The prayers finished, and she slowly sat up.

“Our prayers have been answered,” our leader said as he made his concluding and parting remarks.

On the walk home, I asked what the mother had said about the young woman’s condition. A man explained to me that the sickness had to do with the young woman being recently disowned by her uncle. She had been living with her uncle, but needed school fees for a post secondary school program. The uncle refused and didn’t even give the girl transport money to return to Chawama and her own mother.

“Counseling,” the man told me. “She needs counseling so she can understand that there are other ways to make money to get her degree. She could do piecework for a year to raise funds for school.”

To an American, a sickness and family or money problems are very separate entities. In an African context, they are related. Events, challenges, and disputes can result in physical ailments. The devil and witchcraft take hold of people’s physical bodies.

The next day, I finally went to visit a teacher that has been sick since January and recently lost her mother. She has been in the hospital for weeks, but no test showed anything wrong with her.
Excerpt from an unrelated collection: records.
(* Assume (A1)–(A5) from the context. Let $T\ge1$, and let the step sizes $\alpha,\beta>0$ satisfy $$0<\alpha(\rho+L)+4\alpha^2L^2\le\min\left\{\tfrac12,\ \frac{4\mu(\rho+L)+64L^2}{\mu^2}\right\}$$ and $$12(6+\delta)\beta^2K^2L^2\le\min\left\{\tfrac1{16},\ 1-\tfrac{\alpha\mu}{4}\right\},\qquad\text{where }\delta=\frac1{(1-\alpha\rho)^2}.$$ Then the iterates generated by FedCanon satisfy $$\mathbb{E}[\phi(z^T)-\phi^*]+\alpha\mathcal{E}^T\le\left(1-\frac{\alpha\mu}{4}\right)^T\left[\phi(z^0)-\phi^*+\alpha\mathcal{E}^0\right]+\frac{25\sigma^2}{\mu BK}+\frac{\sigma^2}{16\mu B}+\frac{B_h}{2\mu}.$$
   Context: Let $N,d,K,B$ be positive integers and $[N]=\{1,\dots,N\}$. For each client $i\in[N]$ let $f_i(x)=\mathbb{E}_{\xi\sim\mathcal{D}_i}[F_i(x;\xi)]$. Let $f=\frac1N\sum_{i=1}^N f_i$, let $h:\mathbb{R}^d\to\mathbb{R}\cup\{+\infty\}$, and let $\phi=f+h$. Standing assumptions: (A1) $\phi^*:=\inf_z\phi(z)>-\infty$. (A2) There is $L>0$ such that for every $i$ and all $x,y$: $f_i(x)-f_i(y)-\langle\nabla f_i(y),x-y\rangle\le \frac L2\Vert x-y\Vert^2$ and $\Vert\nabla f_i(x)-\nabla f_i(y)\Vert\le L\Vert x-y\Vert$. (A3) $h$ is proper, closed and $\rho$-weakly convex for some $\rho\ge0$, i.e. $h(z)+\frac{\rho}{2}\Vert z\Vert^2$ is convex. There is a constant $B_h$ such that $\Vert h'(z)\Vert^2\le B_h$ for every $z$ and every subgradient $h'(z)\in\partial h(z)$. (A4) Whenever client $i$ evaluates $g_i(x)$, it draws $B$ fresh samples $\xi_{i,1},\dots,\xi_{i,B}\sim\mathcal{D}_i$, independent of the past, and sets $g_i(x)=\frac1B\sum_{b}\nabla F_i(x;\xi_{i,b})$. Conditionally on the past, $\mathbb{E}[g_i(x)]=\nabla f_i(x)$ and $\mathbb{E}\Vert g_i(x)-\nabla f_i(x)\Vert^2\le\sigma^2/B$. (A5) (Generalized PL condition) There is $\mu>0$ such that for all $z\in\mathbb{R}^d$, $\Vert G^\alpha(z)\Vert^2\ge2\mu[\phi(z)-\phi^*]$. Proximal operator: $\mathbf{prox}_{\alpha h}\{y\}=\arg\min_x\{h(x)+\frac1{2\alpha}\Vert x-y\Vert^2\}$. Algorithm FedCanon. The inputs are $\alpha,\beta>0$, an initial point $z^0$, and control variables $c_i^0$ with $\sum_ic_i^0=\mathbf{0}_d$. For $t=0,1,\dots$: - every client $i$ sets $\hat x_i^{t,0}=z^t$; - for $k=0,\dots,K-1$ it updates $\hat x_i^{t,k+1}=\hat x_i^{t,k}-\beta[g_i(\hat x_i^{t,k})+c_i^t]$; - it forms $\Delta_i^{t+1}=\frac1{\beta K}(z^t-\hat x_i^{t,K})$; - the server computes $\bar\Delta^{t+1}=\frac1N\sum_i\Delta_i^{t+1}$ and $z^{t+1}=\mathbf{prox}_{\alpha h}\{z^t-\alpha\bar\Delta^{t+1}\}$; - every client updates $c_i^{t+1}=c_i^t+\bar\Delta^{t+1}-\Delta_i^{t+1}$. (The variant FedCanon II, with local prox steps from a common initialization, generates the same sequence.) Notation: - $G^\alpha(z,u)=\frac1\alpha(z-\mathbf{prox}_{\alpha h}\{z-\alpha u\})$ and $G^\alpha(z)=G^\alpha(z,\nabla f(z))$. - $v_i^t=\frac1K\sum_{k=0}^{K-1}g_i(\hat x_i^{t,k})$ and $\bar v^t=\frac1N\sum_iv_i^t$. - $\mathcal{E}^t=\frac1N\sum_i\mathbb{E}\Vert\nabla f_i(z^t)+c_i^t-\nabla f(z^t)\Vert^2$. For $t\ge1$ this equals $\frac1N\sum_i\mathbb{E}\Vert\nabla f_i(\hat x_i^{t,0})-v_i^{t-1}-\nabla f(z^t)+\bar v^{t-1}\Vert^2$. - $\mathbb{E}$ is expectation over all sampling. *)

theory Defs
  imports "HOL-Probability.Probability"
begin
theorem lemma6p5:
  fixes k :: nat and \<eta> :: real
  assumes "k \<ge> 4"
    and "eta_k (k + 1) \<le> \<eta>" and "\<eta> < pi / real k"
  shows "(0 < arg2 (zz \<eta> (2*k - 1)) \<and> arg2 (zz \<eta> (2*k - 1)) \<le> \<eta> \<longrightarrow>
            zz \<eta> (2*k) \<in> tri 0 (zz \<eta> 0) 1 \<and>
            zz \<eta> (2*k + 1) \<in> tri 0 (zz \<eta> 1) (zz \<eta> 0) \<and>
            ww \<eta> (2*k) \<in> tri 1 (ww \<eta> 0) (aa \<eta>) \<and>
            ww \<eta> (2*k + 1) \<in> tri 1 (ww \<eta> 1) (ww \<eta> 0))
       \<and> (\<eta> < arg2 (zz \<eta> (2*k - 1)) \<and> arg2 (zz \<eta> (2*k - 1)) \<le> 2 * \<eta> \<longrightarrow>
            zz \<eta> (2*k) \<in> tri 0 1 (zz \<eta> (2*k - 1)) \<and>
            zz \<eta> (2*k + 1) \<in> tri 0 (zz \<eta> 0) 1 \<and>
            ww \<eta> (2*k) \<in> tri 1 (aa \<eta>) (ww \<eta> (2*k - 1)) \<and>
            ww \<eta> (2*k + 1) \<in> tri 1 (ww \<eta> 0) (aa \<eta>))"
  using mem_tri_small_arg[OF assms(1,3)] mem_tri_large_arg[OF assms(1,3)] by blast

end
lemma tailsum_act_hist_le_hist_max:
  assumes "0 < n"
  shows "tailsum (act_hist (sigset n n' W b)) J \<le> tailsum (hist_max n n') J"
proof -
  define A where "A = {act_hist (sigset n n' W b) | W b. True}"
  have "A \<subseteq> act_hist ` Pow {s. length s = n'}"
    using sigset_subset_lists by (auto simp: A_def)
  then have fin: "finite A"
    by (rule finite_subset) (simp add: finite_bool_lists_length)
  have mem: "act_hist (sigset n n' W b) \<in> A" by (auto simp: A_def)
  have vanish: "v j = 0" if "v \<in> A" "n' < j" for v j
    using that act_hist_sigset_eq_0 by (auto simp: A_def)
  have "tailsum (hist_max n n') J = tailsum (vmax A) J"
    using assms by (simp add: hist_max_def A_def)
  also have "\<dots> = Max ((\<lambda>v. tailsum v J) ` A)"
    using fin mem vanish by (intro tailsum_vmax) auto
  finally show ?thesis using fin mem by simp
qed

lemma sigset_identity_layer:
  "sigset n n (\<lambda>i k. if i = k then 1 else 0) (\<lambda>_. 0) = {s. length s = n}"
proof
  show "{s. length s = n} \<subseteq> sigset n n (\<lambda>i k. if i = k then 1 else 0) (\<lambda>_. 0)"
  proof
    fix s :: "bool list" assume "s \<in> {s. length s = n}"
    define x :: "nat \<Rightarrow> real" where "x i = (if s ! i then 1 else 0)" for i
    have "pre n (\<lambda>i k. if i = k then 1 else 0) (\<lambda>_. 0) x i = x i" if "i < n" for i
    proof -
      have "(\<Sum>k<n. x k * (if i = k then 1 else 0)) = (\<Sum>k\<in>{i}. x k)"
        using that by (intro sum.mono_neutral_cong_right) auto
      then show ?thesis by (simp add: pre_def)
    qed
    then have "layer_sig n n (\<lambda>i k. if i = k then 1 else 0) (\<lambda>_. 0) x = s"
      using \<open>s \<in> {s. length s = n}\<close> by (intro nth_equalityI) (auto simp: layer_sig_def x_def)
    then show "s \<in> sigset n n (\<lambda>i k. if i = k then 1 else 0) (\<lambda>_. 0)"
      unfolding sigset_def by blast
  qed
qed (rule sigset_subset_lists)

lemma sigset_subset_sigset_min_dim:
  obtains W' b' where "sigset n n' W b \<subseteq> sigset (min n n') n' W' b'"
proof (cases "n \<le> n'")
  case True
  then show ?thesis using that[of W b] by simp
next
  case False
  then show ?thesis
    using that[of "\<lambda>i k. if i = k then 1 else 0" "\<lambda>_. 0"] sigset_subset_lists[of n n' W b]
    by (simp add: sigset_identity_layer)
qed

lemma vle_first_layer_hist:
  assumes "in_Gamma g" "0 < n" "0 < n'"
  shows "vle (\<lambda>j. card {s \<in> sigset n n' W b. min n (wt s) = j}) (cl (min n n') (g (min n n') n'))"
  unfolding vle_def
proof
  fix J
  define m where "m = min n n'"
  have fin_supp_g: "fin_supp (g m n')" and hist_max_le: "vle (hist_max m n') (g m n')"
    using assms(1,3) unfolding in_Gamma_def m_def by auto
  obtain W' b' where sub: "sigset n n' W b \<subseteq> sigset m n' W' b'"
    unfolding m_def by (rule sigset_subset_sigset_min_dim)
  have "tailsum (\<lambda>j. card {s \<in> sigset n n' W b. min n (wt s) = j}) J
        = card {s \<in> sigset n n' W b. J \<le> min n (wt s)}"
    by (rule tailsum_card_fibres[OF finite_sigset])
  also have "\<dots> \<le> tailsum (cl m (g m n')) J"
  proof (cases "J \<le> m")
    case True
    have "card {s \<in> sigset n n' W b. J \<le> min n (wt s)} \<le> card {s \<in> sigset m n' W' b'. J \<le> wt s}"
      by (rule card_mono) (use sub finite_sigset in auto)
    also have "\<dots> = tailsum (act_hist (sigset m n' W' b')) J"
      unfolding act_hist_def[abs_def] by (rule tailsum_card_fibres[symmetric, OF finite_sigset])
    also have "\<dots> \<le> tailsum (hist_max m n') J"
      by (rule tailsum_act_hist_le_hist_max) (use assms in \<open>simp add: m_def\<close>)
    also have "\<dots> \<le> tailsum (g m n') J" using hist_max_le by (simp add: vle_def)
    also have "\<dots> = tailsum (cl m (g m n')) J" by (rule tailsum_cl_le[OF fin_supp_g True, symmetric])
    finally show ?thesis .
  next
    case False
    have "min n (wt s) \<le> m" if "s \<in> sigset n n' W b" for s
      using sigset_subset_lists[of n n' W b] wt_le_length[of s] that unfolding m_def by auto
    then have "{s \<in> sigset n n' W b. J \<le> min n (wt s)} = {}" using False by fastforce
    then show ?thesis by (metis card.empty le0)
  qed
  finally show "tailsum (\<lambda>j. card {s \<in> sigset n n' W b. min n (wt s) = j}) J
      \<le> tailsum (cl (min n n') (g (min n n') n')) J" by (simp add: m_def)
qed

lemma msigset_eq_range: "msigset hs ns = range (msig hs ns)"
  by (auto simp: msigset_def)

lemma msigset_l_1:
  "msigset_l 1 ((W, b) # hs) (n # n' # ns) = (\<lambda>s. [s]) ` sigset n n' W b"
  unfolding msigset_l_def msigset_eq_range sigset_eq_range image_image by simp

lemma dim_hist_singletons:
  "dim_hist n ((\<lambda>s. [s]) ` S) = (\<lambda>j. card {s \<in> S. min n (wt s) = j})"
proof
  fix j
  have "{u \<in> (\<lambda>s. [s]) ` S. Min (insert n (wt ` set u)) = j} = (\<lambda>s. [s]) ` {s \<in> S. min n (wt s) = j}"
    by auto
  then show "dim_hist n ((\<lambda>s. [s]) ` S) j = card {s \<in> S. min n (wt s) = j}"
    unfolding dim_hist_def by (simp add: card_image inj_on_def)
qed

lemma phi_ev: "phi g n' (ev n) = cl (min n n') (g (min n n') n')"
proof
  fix j
  have "{k. ev n k \<noteq> 0} = {n}" by (auto simp: ev_def)
  then show "phi g n' (ev n) j = cl (min n n') (g (min n n') n') j"
    by (simp add: phi_def ev_def)
qed

theorem mainTheorem3:
  fixes ns :: "nat list"
    and hs :: "((nat \<Rightarrow> nat \<Rightarrow> real) \<times> (nat \<Rightarrow> real)) list"
    and g :: "nat \<Rightarrow> nat \<Rightarrow> nat \<Rightarrow> nat"
  assumes "length hs \<ge> 1"
    and "length ns = length hs + 1"
    and "\<forall>n\<in>set ns. 0 < n"
    and "in_Gamma g"
  shows "vle (dim_hist (ns ! 0) (msigset_l 1 hs ns)) (phi g (ns ! 1) (ev (ns ! 0)))"
proof -
  obtain W b hs' where hs: "hs = (W, b) # hs'"
    using assms(1) by (cases hs) auto
  obtain n0 n1 ns' where ns: "ns = n0 # n1 # ns'"
    using assms(2) hs by (cases ns; cases "tl ns") auto
  have "0 < n0" "0 < n1" using assms(3) ns by auto
  then show ?thesis
    unfolding hs ns msigset_l_1 dim_hist_singletons phi_ev
    by (simp add: vle_first_layer_hist[OF assms(4)])
qed

end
And yet she remains weak, unable to walk or take much food and her chest remains congested.

I went with four other teachers. We found Teacher Mekelina’s kids, including her five-month-old daughter, playing outside the house. Her oldest daughter, probably around eighteen, was inside watching TV. I couldn’t help but remember the last time I was in this house, two months ago or so. Then I found Teacher Mekelina in that very room, sobbing and wailing at the loss of her mother. This time Teacher Mekelina was in the back room. She lay on a reed matt and a few blankets. Her chitenge couldn’t hide her skinny legs. I noticed she had lost a lot of weight.

But she still had a smile for us, with that beautiful gap in her front teeth. Her breathing was labored and you could hear the rasp in her voice.

Teacher Violet offered her words of comfort, “Whatever you do, don’t lose faith in God. God has a plan for everything and is in total control. Trust in him and he will make you well. Your sickness is the work of the devil, but you are not destined for sickness. Just wait in faith and God’s time will come. God’s time is the best.”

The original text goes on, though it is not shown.